-- EXTRACTED DATA follows --

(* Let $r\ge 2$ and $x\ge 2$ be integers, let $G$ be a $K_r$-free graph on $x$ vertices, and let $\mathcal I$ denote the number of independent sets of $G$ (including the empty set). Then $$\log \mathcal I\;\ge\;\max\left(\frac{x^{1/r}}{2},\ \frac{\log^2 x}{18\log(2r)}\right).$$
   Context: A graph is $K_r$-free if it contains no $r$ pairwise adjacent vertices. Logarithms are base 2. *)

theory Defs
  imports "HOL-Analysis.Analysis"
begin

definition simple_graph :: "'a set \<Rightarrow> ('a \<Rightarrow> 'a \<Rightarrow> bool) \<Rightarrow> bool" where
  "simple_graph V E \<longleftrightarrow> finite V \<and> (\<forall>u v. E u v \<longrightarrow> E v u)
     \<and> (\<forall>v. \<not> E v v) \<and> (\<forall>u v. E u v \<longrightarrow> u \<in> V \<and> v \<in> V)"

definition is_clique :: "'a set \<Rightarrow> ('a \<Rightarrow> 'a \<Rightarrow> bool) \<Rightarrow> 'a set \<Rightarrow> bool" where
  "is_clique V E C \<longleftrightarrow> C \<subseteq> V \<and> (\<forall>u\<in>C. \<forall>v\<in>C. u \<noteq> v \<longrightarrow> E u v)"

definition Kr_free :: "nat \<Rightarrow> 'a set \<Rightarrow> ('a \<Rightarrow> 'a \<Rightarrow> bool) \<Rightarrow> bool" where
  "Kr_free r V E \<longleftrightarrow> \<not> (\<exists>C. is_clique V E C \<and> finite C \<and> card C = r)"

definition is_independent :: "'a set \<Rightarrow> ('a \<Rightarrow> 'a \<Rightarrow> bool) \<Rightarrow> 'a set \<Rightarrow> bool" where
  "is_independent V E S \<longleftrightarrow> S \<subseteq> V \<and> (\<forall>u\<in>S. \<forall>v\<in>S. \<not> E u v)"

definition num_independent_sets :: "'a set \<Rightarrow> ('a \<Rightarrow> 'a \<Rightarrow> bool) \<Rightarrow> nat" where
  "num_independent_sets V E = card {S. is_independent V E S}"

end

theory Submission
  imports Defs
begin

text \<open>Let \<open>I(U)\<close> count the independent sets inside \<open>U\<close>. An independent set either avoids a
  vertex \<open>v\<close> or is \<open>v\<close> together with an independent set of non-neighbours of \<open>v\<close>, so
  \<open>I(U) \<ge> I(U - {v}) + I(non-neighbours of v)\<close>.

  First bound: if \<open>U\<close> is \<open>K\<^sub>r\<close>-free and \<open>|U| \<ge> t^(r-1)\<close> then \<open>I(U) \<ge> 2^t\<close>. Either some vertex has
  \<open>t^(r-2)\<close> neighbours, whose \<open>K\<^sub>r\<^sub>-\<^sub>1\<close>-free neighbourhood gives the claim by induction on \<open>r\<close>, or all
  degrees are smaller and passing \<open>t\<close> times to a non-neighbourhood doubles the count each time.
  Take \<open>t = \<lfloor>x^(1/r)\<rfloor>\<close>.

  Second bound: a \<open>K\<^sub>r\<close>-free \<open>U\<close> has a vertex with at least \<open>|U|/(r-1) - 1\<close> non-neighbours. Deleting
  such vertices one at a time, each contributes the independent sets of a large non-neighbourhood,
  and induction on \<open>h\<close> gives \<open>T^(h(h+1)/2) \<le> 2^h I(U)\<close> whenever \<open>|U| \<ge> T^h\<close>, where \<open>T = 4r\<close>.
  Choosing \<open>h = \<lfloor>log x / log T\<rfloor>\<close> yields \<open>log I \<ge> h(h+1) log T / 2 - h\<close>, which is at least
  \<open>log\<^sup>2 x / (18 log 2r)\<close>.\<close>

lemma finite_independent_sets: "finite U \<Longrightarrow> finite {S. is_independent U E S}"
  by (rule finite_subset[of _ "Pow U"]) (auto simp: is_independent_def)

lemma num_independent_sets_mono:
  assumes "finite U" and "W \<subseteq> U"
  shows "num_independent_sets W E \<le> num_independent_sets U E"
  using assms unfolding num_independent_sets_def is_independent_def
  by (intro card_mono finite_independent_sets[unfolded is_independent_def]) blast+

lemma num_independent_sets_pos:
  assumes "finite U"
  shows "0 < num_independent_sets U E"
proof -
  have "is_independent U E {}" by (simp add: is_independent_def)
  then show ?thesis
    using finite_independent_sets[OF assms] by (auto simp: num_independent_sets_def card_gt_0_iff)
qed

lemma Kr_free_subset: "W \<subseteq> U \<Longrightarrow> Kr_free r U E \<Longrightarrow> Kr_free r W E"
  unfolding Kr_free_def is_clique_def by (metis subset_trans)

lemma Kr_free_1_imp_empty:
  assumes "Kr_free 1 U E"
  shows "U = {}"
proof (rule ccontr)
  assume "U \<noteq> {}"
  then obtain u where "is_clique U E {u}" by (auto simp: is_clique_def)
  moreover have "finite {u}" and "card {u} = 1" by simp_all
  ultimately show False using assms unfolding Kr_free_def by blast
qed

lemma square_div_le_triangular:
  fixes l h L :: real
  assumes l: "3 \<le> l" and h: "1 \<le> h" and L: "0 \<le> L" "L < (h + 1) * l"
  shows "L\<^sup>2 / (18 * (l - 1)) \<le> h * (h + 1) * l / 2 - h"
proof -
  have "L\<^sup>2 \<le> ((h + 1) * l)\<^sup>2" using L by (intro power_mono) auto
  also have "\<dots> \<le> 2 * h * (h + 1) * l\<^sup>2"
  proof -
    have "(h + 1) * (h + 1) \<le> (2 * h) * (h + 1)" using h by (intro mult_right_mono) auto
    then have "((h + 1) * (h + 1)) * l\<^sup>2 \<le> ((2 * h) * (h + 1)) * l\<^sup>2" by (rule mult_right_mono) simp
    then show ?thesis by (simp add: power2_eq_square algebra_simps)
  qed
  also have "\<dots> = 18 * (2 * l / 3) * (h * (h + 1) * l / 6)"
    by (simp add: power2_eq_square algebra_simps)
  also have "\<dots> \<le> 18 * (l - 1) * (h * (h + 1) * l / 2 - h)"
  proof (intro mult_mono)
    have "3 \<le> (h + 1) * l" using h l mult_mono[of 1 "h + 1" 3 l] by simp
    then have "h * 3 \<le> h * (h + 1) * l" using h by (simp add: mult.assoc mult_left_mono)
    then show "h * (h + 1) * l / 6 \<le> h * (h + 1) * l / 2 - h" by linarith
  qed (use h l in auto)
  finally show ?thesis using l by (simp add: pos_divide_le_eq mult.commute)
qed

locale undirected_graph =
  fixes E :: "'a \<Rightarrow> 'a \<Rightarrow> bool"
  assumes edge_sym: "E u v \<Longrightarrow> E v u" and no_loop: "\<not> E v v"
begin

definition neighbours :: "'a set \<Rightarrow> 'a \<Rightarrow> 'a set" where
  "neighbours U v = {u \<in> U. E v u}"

-- EXTRACTED DATA concluded --
-- EXTRACTED DATA follows --

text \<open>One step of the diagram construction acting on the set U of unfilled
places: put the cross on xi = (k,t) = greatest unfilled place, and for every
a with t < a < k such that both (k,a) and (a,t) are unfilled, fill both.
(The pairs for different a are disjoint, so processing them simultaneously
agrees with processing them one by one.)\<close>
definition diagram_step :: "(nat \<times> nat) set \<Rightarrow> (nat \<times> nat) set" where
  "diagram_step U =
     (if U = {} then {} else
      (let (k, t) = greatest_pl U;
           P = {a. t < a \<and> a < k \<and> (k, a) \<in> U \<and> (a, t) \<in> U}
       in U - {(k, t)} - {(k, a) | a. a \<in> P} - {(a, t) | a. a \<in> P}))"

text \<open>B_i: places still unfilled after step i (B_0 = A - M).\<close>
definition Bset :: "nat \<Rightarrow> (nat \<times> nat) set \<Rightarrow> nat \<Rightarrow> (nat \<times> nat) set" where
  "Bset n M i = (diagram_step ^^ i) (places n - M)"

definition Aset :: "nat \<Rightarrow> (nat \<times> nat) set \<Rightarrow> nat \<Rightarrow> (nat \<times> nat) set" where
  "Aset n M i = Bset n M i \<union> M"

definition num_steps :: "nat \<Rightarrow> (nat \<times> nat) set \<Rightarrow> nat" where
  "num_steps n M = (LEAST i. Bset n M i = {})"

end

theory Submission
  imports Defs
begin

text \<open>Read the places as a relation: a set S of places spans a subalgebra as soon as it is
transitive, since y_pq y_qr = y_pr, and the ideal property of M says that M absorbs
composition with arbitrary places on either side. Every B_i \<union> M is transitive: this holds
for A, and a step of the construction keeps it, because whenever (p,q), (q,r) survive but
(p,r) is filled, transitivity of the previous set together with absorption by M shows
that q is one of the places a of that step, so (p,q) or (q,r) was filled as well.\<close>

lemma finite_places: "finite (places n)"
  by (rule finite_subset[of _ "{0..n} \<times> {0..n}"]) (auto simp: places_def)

-- EXTRACTED DATA concluded --

▶ [YOUR INSTRUCTIONS] In the listing above, find each line with "neighbours" and copy it.

▶ [WORKED SOLUTION]
  vertex \<open>v\<close> or is \<open>v\<close> together with an independent set of non-neighbours of \<open>v\<close>, so
  \<open>I(U) \<ge> I(U - {v}) + I(non-neighbours of v)\<close>.
  \<open>t^(r-2)\<close> neighbours, whose \<open>K\<^sub>r\<^sub>-\<^sub>1\<close>-free neighbourhood gives the claim by induction on \<open>r\<close>, or all
  Second bound: a \<open>K\<^sub>r\<close>-free \<open>U\<close> has a vertex with at least \<open>|U|/(r-1) - 1\<close> non-neighbours. Deleting
definition neighbours :: "'a set \<Rightarrow> 'a \<Rightarrow> 'a set" where
  "neighbours U v = {u \<in> U. E v u}"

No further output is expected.